AIM OF THE EXERCISE — Find the string "intro" in the data, then copy every line where it is found.

DATA —
lemma eigenvector_of_symmetric_map_on_plane:
  fixes D :: "'a::real_inner \<Rightarrow> 'a"
  assumes "linear D" "e1 \<bullet> e1 = 1" "e2 \<bullet> e2 = 1" "e1 \<bullet> e2 = 0"
    and "D e1 = a *\<^sub>R e1 + b *\<^sub>R e2" "D e2 = b *\<^sub>R e1 + c *\<^sub>R e2"
  obtains v l where "norm v = 1" "v \<in> span {e1, e2}" "D v = l *\<^sub>R v"
proof -
  obtain p q l where pq: "p \<noteq> 0 \<or> q \<noteq> 0" "a * p + b * q = l * p" "b * p + c * q = l * q"
    by (rule symmetric_2x2_real_eigenvector)
  define w where "w = p *\<^sub>R e1 + q *\<^sub>R e2"
  have "D w = (a * p + b * q) *\<^sub>R e1 + (b * p + c * q) *\<^sub>R e2"
    using assms(1,5,6) by (simp add: w_def linear_add linear_scale algebra_simps)
  then have Dw: "D w = l *\<^sub>R w" using pq by (simp add: w_def algebra_simps)
  have "w \<bullet> w = p\<^sup>2 + q\<^sup>2"
    using assms(2-4) by (simp add: w_def inner_add_left inner_add_right inner_commute power2_eq_square)
  with pq have "w \<noteq> 0" by (auto simp: sum_power2_eq_zero_iff)
  moreover have "w \<in> span {e1, e2}" by (simp add: w_def span_add span_scale span_base)
  ultimately show ?thesis
    using that[of "w /\<^sub>R norm w" l] Dw assms(1) by (simp add: linear_scale span_scale)
qed

lemma unit_vector_orthogonal_to_cos_sin:
  fixes a b s :: real
  assumes "a * cos s + b * sin s = 0" "a\<^sup>2 + b\<^sup>2 = 1"
  shows "a = - sin s * (b * cos s - a * sin s)" "b = cos s * (b * cos s - a * sin s)"
    and "(b * cos s - a * sin s)\<^sup>2 = 1"
proof -
  have sc: "(sin s)\<^sup>2 + (cos s)\<^sup>2 = 1" by simp
  show "a = - sin s * (b * cos s - a * sin s)" "b = cos s * (b * cos s - a * sin s)"
    using assms(1) sc by algebra+
  show "(b * cos s - a * sin s)\<^sup>2 = 1"
    using assms sc by algebra
qed

lemma pos_if_continuous_nonvanishing:
  fixes f :: "real \<Rightarrow> real"
  assumes "continuous_on UNIV f" "\<And>s. f s \<noteq> 0" "f 0 > 0"
  shows "f t > 0"
proof (rule ccontr)
  assume "\<not> f t > 0"
  then obtain r where "f r = 0"
    using IVT2'[of f t 0 0] IVT'[of f t 0 0] assms(1,3) continuous_on_subset[OF assms(1)]
    by (cases "0 \<le> t") force+
  with assms(2) show False by blast
qed

lemma focal_angle_exists:
  fixes l :: real
  obtains t where "cos t + l * sin t = 0" "l * cos t - sin t \<noteq> 0"
proof
  define r where "r = sqrt (1 + l\<^sup>2)"
  have r: "r > 0" "r * r = 1 + l * l" unfolding r_def by (simp_all add: add_pos_nonneg power2_eq_square)
  have cos: "cos (pi / 2 + arctan l) = - l / r" and sin: "sin (pi / 2 + arctan l) = 1 / r"
    by (simp_all add: cos_add sin_add cos_arctan sin_arctan r_def)
  show "cos (pi / 2 + arctan l) + l * sin (pi / 2 + arctan l) = 0"
    unfolding cos sin by simp
  have "l * (- l / r) - 1 / r = - r" using r by (simp add: field_simps)
  then show "l * cos (pi / 2 + arctan l) - sin (pi / 2 + arctan l) \<noteq> 0"
    unfolding cos sin using r by simp
qed

section \<open>Unit fields whose integral curves are great circles\<close>

locale great_circle_field =
  fixes \<zeta> :: "real^4 \<Rightarrow> real^4"
  assumes smooth_unit: "smooth_unit_vf_S3 \<zeta>"
    and great_circles: "\<forall>\<gamma>. integral_curve_S3 \<zeta> \<gamma> \<longrightarrow> great_circle (range \<gamma>)"
begin

abbreviation D\<zeta> :: "real^4 \<Rightarrow> real^4 \<Rightarrow> real^4" where
  "D\<zeta> x \<equiv> frechet_derivative \<zeta> (at x)"

lemma orthonormal_field:
  assumes "x \<in> sphere 0 1"
  shows "x \<bullet> x = 1" "\<zeta> x \<bullet> \<zeta> x = 1" "x \<bullet> \<zeta> x = 0" "\<zeta> x \<bullet> x = 0"
  using assms smooth_unit by (auto simp: smooth_unit_vf_S3_def inner_commute simp flip: norm_eq_1)

lemma has_derivative_field: "x \<in> sphere 0 1 \<Longrightarrow> (\<zeta> has_derivative D\<zeta> x) (at x)"
  using smooth_unit smooth_on_has_derivative unfolding smooth_unit_vf_S3_def by blast

lemma continuous_on_field: "continuous_on (sphere 0 1) \<zeta>"
  using has_derivative_field has_derivative_continuous continuous_at_imp_continuous_on by blast

lemma field_in_plane_of_great_circle:
  assumes x: "x \<in> sphere 0 1" and y: "y \<in> sphere 0 1 \<inter> span {x, \<zeta> x}"
  shows "\<zeta> y \<in> span {x, \<zeta> x}"
proof -
  obtain \<gamma> where \<gamma>0: "\<gamma> 0 = x" and \<gamma>: "integral_curve_S3 \<zeta> \<gamma>"
    using integral_curve_S3_exists[OF smooth_unit x] by blast
  then obtain P where P: "subspace P" "dim P = 2" and range: "range \<gamma> = sphere 0 1 \<inter> P"
    using great_circles unfolding great_circle_def by blast
  have \<gamma>P: "\<gamma> t \<in> P" for t using range by blast
  have field_P: "\<zeta> (\<gamma> t) \<in> P" for t
    using has_vector_derivative_in_subspace[where \<gamma> = \<gamma>, OF P(1) \<gamma>P] \<gamma>
    unfolding integral_curve_S3_def by blast
  have span_P: "span {x, \<zeta> x} = P"
  proof (rule subspace_dim_equal[OF subspace_span P(1)])
    show "span {x, \<zeta> x} \<subseteq> P"
      using \<gamma>P[of 0] field_P[of 0] \<gamma>0 P(1) by (simp add: span_minimal)
    show "dim P \<le> dim (span {x, \<zeta> x})"
      using P(2) dim_orthonormal_pair[OF orthonormal_field(1-3)[OF x]] by simp
  qed
  then have "y \<in> range \<gamma>" using y range by simp
  then show ?thesis using field_P span_P by blast
qed

lemma field_rotates_along_great_circle:
  assumes x: "x \<in> sphere 0 1"
  shows "\<zeta> (cos t *\<^sub>R x + sin t *\<^sub>R \<zeta> x) = (- sin t) *\<^sub>R x + cos t *\<^sub>R \<zeta> x"
proof -
  note on = orthonormal_field[OF x]
  define c where "c s = cos s *\<^sub>R x + sin s *\<^sub>R \<zeta> x" for s
  define a where "a s = \<zeta> (c s) \<bullet> x" for s
  define b where "b s = \<zeta> (c s) \<bullet> \<zeta> x" for s
  define f where "f s = b s * cos s - a s * sin s" for s
  have c_sphere: "c s \<in> sphere 0 1" for s
    unfolding c_def using on by (intro cos_sin_in_sphere) (auto simp: norm_eq_1)
  have "c s \<in> span {x, \<zeta> x}" for s
    by (simp add: c_def span_add span_scale span_base)
  then have decomp: "\<zeta> (c s) = a s *\<^sub>R x + b s *\<^sub>R \<zeta> x" for s
    unfolding a_def b_def
    using span_orthonormal_pair_decomp field_in_plane_of_great_circle[OF x] c_sphere on by blast
  have orth: "a s * cos s + b s * sin s = 0" for s
    using orthonormal_field(4)[OF c_sphere[of s]]
    by (simp add: c_def a_def b_def inner_add_right mult.commute)
  have unit: "(a s)\<^sup>2 + (b s)\<^sup>2 = 1" for s
    using orthonormal_field(2)[OF c_sphere[of s]] on
    by (simp add: decomp[of s] inner_add_left inner_add_right inner_commute power2_eq_square)
  note circle = unit_vector_orthogonal_to_cos_sin[OF orth unit, folded f_def]
  have "f t > 0"
  proof (rule pos_if_continuous_nonvanishing[where f = f])
    have "continuous_on UNIV c" unfolding c_def by (intro continuous_intros)
    then have "continuous_on UNIV (\<lambda>s. \<zeta> (c s))"
      by (rule continuous_on_compose2[OF continuous_on_field]) (use c_sphere in blast)
    then show "continuous_on UNIV f"
      unfolding f_def a_def b_def by (intro continuous_intros)
    show "f s \<noteq> 0" for s using circle(3)[of s] by auto
    show "f 0 > 0" using on by (simp add: f_def a_def b_def c_def)
  qed
  then have "f t = 1" using circle(3)[of t] by (simp add: power2_eq_1_iff)
  then show ?thesis using decomp[of t] circle(1,2)[of t] by (simp add: c_def)
qed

RESPONSE FOR THIS EXERCISE —
    unfolding c_def using on by (intro cos_sin_in_sphere) (auto simp: norm_eq_1)
    have "continuous_on UNIV c" unfolding c_def by (intro continuous_intros)
      unfolding f_def a_def b_def by (intro continuous_intros)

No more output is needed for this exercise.